Glacial lake in Bulgaria

Bezbozhko Lake (Безбожко езеро) is a glacial lake in the Pirin mountain range, southwestern Bulgaria. It is located in the Pirin National Park, a UNESCO World Heritage Site.

Bezbozhko Lake is situated at an altitude of 2,239 m in the Bezbozhki cirque at about 1 km to the northeast of the summit of Bezbog (2,645 m) along with three small non-permanent lakes. On its northern shores is located the Bezbog refuge. The surrounding are covered with dwarf mountain pine (Pinus mugo).

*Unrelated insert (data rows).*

lemma max_face_convex_hull:
  fixes V :: "'a::euclidean_space set"
  assumes "compact V"
  shows "max_face (convex hull V) w = convex hull (max_face V w)"
proof
  obtain V' where "V' \<subseteq> V" and face: "max_face (convex hull V) w = convex hull V'"
    using face_of_convex_hull_subset[OF assms max_face_face_of[OF convex_convex_hull]] by blast
  then have "V' \<subseteq> max_face (convex hull V) w \<inter> V"
    using hull_subset[of V' convex] by blast
  then have "V' \<subseteq> max_face V w"
    by (simp only: max_face_convex_hull_Int)
  then show "max_face (convex hull V) w \<subseteq> convex hull (max_face V w)"
    unfolding face by (rule hull_mono)
next
  show "convex hull (max_face V w) \<subseteq> max_face (convex hull V) w"
  proof (rule hull_minimal)
    show "max_face V w \<subseteq> max_face (convex hull V) w"
      using max_face_convex_hull_Int[of V w] by blast
    show "convex (max_face (convex hull V) w)"
      by (rule face_of_imp_convex[OF max_face_face_of[OF convex_convex_hull]])
  qed
qed

lemma polytope_set_plus:
  fixes P Q :: "'a::euclidean_space set"
  assumes "polytope P" "polytope Q"
  shows "polytope (P + Q)"
proof -
  obtain V W where "finite V" "P = convex hull V" "finite W" "Q = convex hull W"
    using assms unfolding polytope_def by auto
  then show ?thesis
    by (metis convex_hull_set_plus finite_set_plus polytope_convex_hull)
qed

lemma polytope_sum:
  fixes D :: "'b \<Rightarrow> 'a::euclidean_space set"
  shows "(\<And>S. S \<in> I \<Longrightarrow> polytope (D S)) \<Longrightarrow> polytope (\<Sum>S\<in>I. D S)"
  by (induction I rule: infinite_finite_induct) (simp_all add: polytope_sing polytope_set_plus)

lemma sum_set_nonempty:
  fixes D :: "'b \<Rightarrow> 'a::comm_monoid_add set"
  shows "(\<And>S. S \<in> I \<Longrightarrow> D S \<noteq> {}) \<Longrightarrow> (\<Sum>S\<in>I. D S) \<noteq> {}"
  by (induction I rule: infinite_finite_induct) (auto intro: set_plus_intro)

text \<open>\<open>max_face P w \<subseteq> max_face P w'\<close> says that \<open>w'\<close> lies in the closed normal cone of
  \<open>P\<close> at the face \<open>max_face P w\<close>; the definition thus expresses that the normal fan of \<open>P\<close>
  refines that of \<open>Q\<close>.\<close>

definition normal_fan_refines :: "'a::real_inner set \<Rightarrow> 'a set \<Rightarrow> bool" where
  "normal_fan_refines P Q \<longleftrightarrow>
     (\<forall>w w'. max_face P w \<subseteq> max_face P w' \<longrightarrow> max_face Q w \<subseteq> max_face Q w')"

lemma normal_fan_refines_singleton: "normal_fan_refines P {x}"
  by (simp add: normal_fan_refines_def)

lemma normal_fan_refines_set_plus:
  assumes "normal_fan_refines P Q" "normal_fan_refines P R"
  shows "normal_fan_refines P (Q + R)"
  using assms unfolding normal_fan_refines_def max_face_set_plus by (meson set_plus_mono2)

lemma normal_fan_refines_sum:
  "(\<And>S. S \<in> J \<Longrightarrow> normal_fan_refines P (D S)) \<Longrightarrow> normal_fan_refines P (\<Sum>S\<in>J. D S)"
  by (induction J rule: infinite_finite_induct)
    (simp_all add: normal_fan_refines_singleton normal_fan_refines_set_plus)
(* (1) $\mathrm{Pr}(\mathrm{Fig}(T^\phi)\setminus\{T\})=m_T\setminus(\mathcal S_1\cup\{T^\phi\})$. (2) $\mathrm{Pr}(\mathrm{Fig}(T^{\phi^2})\setminus\{T\})=m_T\setminus(\mathcal S_1\cup\{T^{\phi^2}\})$.
   Context: Let $q$ be a prime power, $\mathbb{F}_{q^3}^*=\mathbb{F}_{q^3}\setminus\{0\}$. Points of $\mathrm{PG}(2,q^3)$ have homogeneous coordinates $(x,y,z)$ and lines $[a,b,c]$. Let $\phi$ be the collineation $(x,y,z)\mapsto(z^q,x^q,y^q)$ (on lines $[d,e,f]\mapsto[f^q,d^q,e^q]$). A point has Type II (resp. III) if its $\phi$-orbit is three collinear (resp. non-collinear) points; a line has Type III if its $\phi$-orbit is three non-concurrent lines. For a Type III point $X$, the Fig-block is $\mathrm{Fig}(X)=\mathcal E_X\cup\mathcal F_X$, where $\mathcal E_X$ is the set of Type II points on the line $X^\phi X^{\phi^2}$ and $\mathcal F_X=\{\ell^\phi\cap\ell^{\phi^2}:\ell\text{ a Type III line through }X\}$. Let $T=(0,0,1)$, $T^\phi=(1,0,0)$, $T^{\phi^2}=(0,1,0)$ (all Type III), and $m_T=T^\phi T^{\phi^2}$ the line $[0,0,1]$. For a point $P\neq T$, $\mathrm{Pr}(P)=TP\cap m_T$, applied elementwise to sets of points not containing $T$. Let $\mathcal S_1=\{(x,x^q,0):x\in\mathbb{F}_{q^3}^*\}\subset m_T$. *)

theory Defs
  imports Main "HOL-Number_Theory.Prime_Powers"
begin

text \<open>Vectors are triples; a point
(and, dually, a line) is the class of all nonzero scalar multiples of a nonzero
triple.\<close>

type_synonym 'a vec3 = "'a \<times> 'a \<times> 'a"

definition smult3 :: "'a::field \<Rightarrow> 'a vec3 \<Rightarrow> 'a vec3" where
  "smult3 c v = (case v of (x, y, z) \<Rightarrow> (c * x, c * y, c * z))"

definition proj :: "'a::field vec3 \<Rightarrow> 'a vec3 set" where
  "proj v = {smult3 c v | c. c \<noteq> 0}"

definition pg_points :: "'a::field vec3 set set" where
  "pg_points = {proj v | v. v \<noteq> (0, 0, 0)}"

text \<open>Lines are represented by the same kind of classes (dual coordinates).\<close>
abbreviation pg_lines :: "'a::field vec3 set set" where
  "pg_lines \<equiv> pg_points"

definition dot3 :: "'a::field vec3 \<Rightarrow> 'a vec3 \<Rightarrow> 'a" where
  "dot3 v w = (case v of (x, y, z) \<Rightarrow> case w of (a, b, c) \<Rightarrow> a * x + b * y + c * z)"

definition incident :: "'a::field vec3 set \<Rightarrow> 'a vec3 set \<Rightarrow> bool" where
  "incident P L \<longleftrightarrow> (\<exists>v\<in>P. \<exists>w\<in>L. dot3 v w = 0)"

definition join :: "'a::field vec3 set \<Rightarrow> 'a vec3 set \<Rightarrow> 'a vec3 set" where
  "join P Q = (THE L. L \<in> pg_lines \<and> incident P L \<and> incident Q L)"

definition meet :: "'a::field vec3 set \<Rightarrow> 'a vec3 set \<Rightarrow> 'a vec3 set" where
  "meet L M = (THE P. P \<in> pg_points \<and> incident P L \<and> incident P M)"

definition collinear3 :: "'a::field vec3 set \<Rightarrow> 'a vec3 set \<Rightarrow> 'a vec3 set \<Rightarrow> bool" where
  "collinear3 P Q R \<longleftrightarrow> (\<exists>L\<in>pg_lines. incident P L \<and> incident Q L \<and> incident R L)"

definition concurrent3 :: "'a::field vec3 set \<Rightarrow> 'a vec3 set \<Rightarrow> 'a vec3 set \<Rightarrow> bool" where
  "concurrent3 L M N \<longleftrightarrow> (\<exists>P\<in>pg_points. incident P L \<and> incident P M \<and> incident P N)"

text \<open>The collineation phi: (x,y,z) \<mapsto> (z^q, x^q, y^q); on lines
[d,e,f] \<mapsto> [f^q, d^q, e^q] (same formula). It acts on classes by image.\<close>

definition phiv :: "nat \<Rightarrow> 'a::field vec3 \<Rightarrow> 'a vec3" where
  "phiv q v = (case v of (x, y, z) \<Rightarrow> (z ^ q, x ^ q, y ^ q))"

definition phi :: "nat \<Rightarrow> 'a::field vec3 set \<Rightarrow> 'a vec3 set" where
  "phi q P = phiv q ` P"

definition typeII :: "nat \<Rightarrow> 'a::field vec3 set \<Rightarrow> bool" where
  "typeII q P \<longleftrightarrow> P \<in> pg_points \<and> P \<noteq> phi q P \<and> P \<noteq> phi q (phi q P) \<and>
     phi q P \<noteq> phi q (phi q P) \<and> collinear3 P (phi q P) (phi q (phi q P))"

definition typeIII :: "nat \<Rightarrow> 'a::field vec3 set \<Rightarrow> bool" where
  "typeIII q P \<longleftrightarrow> P \<in> pg_points \<and> P \<noteq> phi q P \<and> P \<noteq> phi q (phi q P) \<and>
     phi q P \<noteq> phi q (phi q P) \<and> \<not> collinear3 P (phi q P) (phi q (phi q P))"

definition typeIII_line :: "nat \<Rightarrow> 'a::field vec3 set \<Rightarrow> bool" where
  "typeIII_line q L \<longleftrightarrow> L \<in> pg_lines \<and> L \<noteq> phi q L \<and> L \<noteq> phi q (phi q L) \<and>
     phi q L \<noteq> phi q (phi q L) \<and> \<not> concurrent3 L (phi q L) (phi q (phi q L))"

definition figE :: "nat \<Rightarrow> 'a::field vec3 set \<Rightarrow> 'a vec3 set set" where
  "figE q X = {P. typeII q P \<and> incident P (join (phi q X) (phi q (phi q X)))}"

definition figF :: "nat \<Rightarrow> 'a::field vec3 set \<Rightarrow> 'a vec3 set set" where
  "figF q X = {meet (phi q l) (phi q (phi q l)) | l. typeIII_line q l \<and> incident X l}"

definition Fig :: "nat \<Rightarrow> 'a::field vec3 set \<Rightarrow> 'a vec3 set set" where
  "Fig q X = figE q X \<union> figF q X"

definition ptT :: "'a::field vec3 set" where
  "ptT = proj (0, 0, 1)"

definition lineMT :: "'a::field vec3 set" where
  "lineMT = proj (0, 0, 1)"

definition Pr :: "'a::field vec3 set \<Rightarrow> 'a vec3 set" where
  "Pr P = meet (join ptT P) lineMT"

definition S1 :: "nat \<Rightarrow> 'a::field vec3 set set" where
  "S1 q = {proj (x, x ^ q, 0) | x. x \<noteq> 0}"

definition points_on :: "'a::field vec3 set \<Rightarrow> 'a vec3 set set" where
  "points_on L = {P \<in> pg_points. incident P L}"

end

theory Submission
  imports Defs "HOL-Computational_Algebra.Polynomial"
begin

(* In coordinates T = (0,0,1), T^phi = (1,0,0), T^phi^2 = (0,1,0) and m_T = [0,0,1]. Write
   N(x) = x^(1+q+q^2) for the norm of F_{q^3} over F_q. By Hilbert's Theorem 90 (proved by
   counting the fibres of x \<mapsto> x / x^q) a point (a,b,0) of m_T lies in S_1 iff N(a) = N(b).
   A line [v] is of Type III iff det(v, v^phi, v^phi^2) \<noteq> 0, and then l^phi \<inter> l^phi^2 is the
   cross product of v^phi and v^phi^2. For the lines [0,b,c] through T^phi the determinant is
   N(b) + N(c), and the resulting point projects from T to (-b^q c^(q^2), b^(q+q^2), 0), whose
   coordinates have norms -N(b) N(c) and N(b)^2: they differ iff b \<noteq> 0 (the point is not T)
   and the line is of Type III. Every (a,b,0) with N(a) \<noteq> N(b) and b \<noteq> 0 arises this way,
   and the points of E only project to T^phi^2. For T^phi^2 the lines are [a,0,c] instead. *)

section \<open>Homogeneous coordinates\<close>

definition cross3 :: "'a::field vec3 \<Rightarrow> 'a vec3 \<Rightarrow> 'a vec3" where
  "cross3 u v = (case u of (u1, u2, u3) \<Rightarrow> case v of (v1, v2, v3) \<Rightarrow>
     (u2 * v3 - u3 * v2, u3 * v1 - u1 * v3, u1 * v2 - u2 * v1))"

lemma smult3_triple [simp]: "smult3 c (x, y, z) = (c * x, c * y, c * z)"
  by (simp add: smult3_def)

lemma dot3_triple [simp]: "dot3 (x, y, z) (a, b, c) = a * x + b * y + c * z"
  by (simp add: dot3_def)

lemma cross3_triple [simp]:
  "cross3 (u1, u2, u3) (v1, v2, v3) = (u2 * v3 - u3 * v2, u3 * v1 - u1 * v3, u1 * v2 - u2 * v1)"
  by (simp add: cross3_def)

lemma phiv_triple [simp]: "phiv q (x, y, z) = (z ^ q, x ^ q, y ^ q)"
  by (simp add: phiv_def)

lemma dot3_commute: "dot3 v w = dot3 w (v::'a::field vec3)"
  by (cases v; cases w) (auto simp: algebra_simps)

lemma dot3_smult3_right: "dot3 v (smult3 c w) = c * dot3 v (w::'a::field vec3)"
  by (cases v; cases w) (auto simp: algebra_simps)

lemma dot3_cross3_left: "dot3 (cross3 a b) a = (0::'a::field)"
  by (cases a; cases b) (auto simp: algebra_simps)

lemma dot3_cross3_right: "dot3 (cross3 a b) b = (0::'a::field)"
  by (cases a; cases b) (auto simp: algebra_simps)

lemma cross3_eq_0_imp_smult3:
  fixes u w :: "'a::field vec3"
  assumes "cross3 u w = (0, 0, 0)" and "w \<noteq> (0, 0, 0)"
  obtains k where "u = smult3 k w"
proof -
  obtain u1 u2 u3 w1 w2 w3 where uw: "u = (u1, u2, u3)" "w = (w1, w2, w3)"
    by (cases u; cases w)
  have "u2 * w3 = u3 * w2" "u3 * w1 = u1 * w3" "u1 * w2 = u2 * w1"
    using assms(1) by (auto simp: uw)
  then have "u = smult3 (u1 / w1) w \<or> u = smult3 (u2 / w2) w \<or> u = smult3 (u3 / w3) w"
    using assms(2) by (auto simp: uw field_simps)
  with that show thesis by blast
qed

lemma in_proj_self: "v \<in> proj (v::'a::field vec3)"
  unfolding proj_def by (rule CollectI, rule exI[of _ 1]) (cases v, auto)

lemma proj_eq_iff: "proj v = proj w \<longleftrightarrow> (\<exists>c::'a::field. c \<noteq> 0 \<and> w = smult3 c v)"
proof
  show "\<exists>c. c \<noteq> 0 \<and> w = smult3 c v" if "proj v = proj w"
    using that in_proj_self[of w] by (auto simp: proj_def)
next
  assume "\<exists>c. c \<noteq> 0 \<and> w = smult3 c v"
  then obtain c where c: "c \<noteq> 0" "w = smult3 c v" by blast
  have "smult3 d w = smult3 (d * c) v" "smult3 d v = smult3 (d / c) w" for d
    using c by (cases v; simp)+
  with c(1) show "proj v = proj w"
    unfolding proj_def by (metis (no_types, lifting) divide_eq_0_iff mult_eq_0_iff)
qed

lemma proj_eq_if_cross3_eq_0:
  fixes u w :: "'a::field vec3"
  assumes "cross3 u w = (0, 0, 0)" and "u \<noteq> (0, 0, 0)" and "w \<noteq> (0, 0, 0)"
  shows "proj u = proj w"
proof -
  obtain k where k: "u = smult3 k w"
    using cross3_eq_0_imp_smult3 assms(1,3) by blast
  with assms(2) have "k \<noteq> 0" by (cases w) auto
  with k show ?thesis by (metis proj_eq_iff)
qed

lemma proj_in_pg_points: "v \<noteq> (0, 0, 0) \<Longrightarrow> proj v \<in> pg_points"
  unfolding pg_points_def by blast

lemma pg_pointsE:
  assumes "P \<in> pg_points"
  obtains x y z where "(x, y, z) \<noteq> (0, 0, 0)" and "P = proj (x, y, z)"
  using assms unfolding pg_points_def by auto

The lake is 225 m long and 125 m wide, with a surface area of 19,000 m^{2}. It reaches depth of 7 m. Its waters are with low mineralization. It the source of the 16 km river Bezbozhka reka, a right tributary of the Mesta.

The nearby slopes are sometimes prone to avalanches; in 1971 an avalanche destroyed the first Bezbog refuge on the northwestern shores of the lake.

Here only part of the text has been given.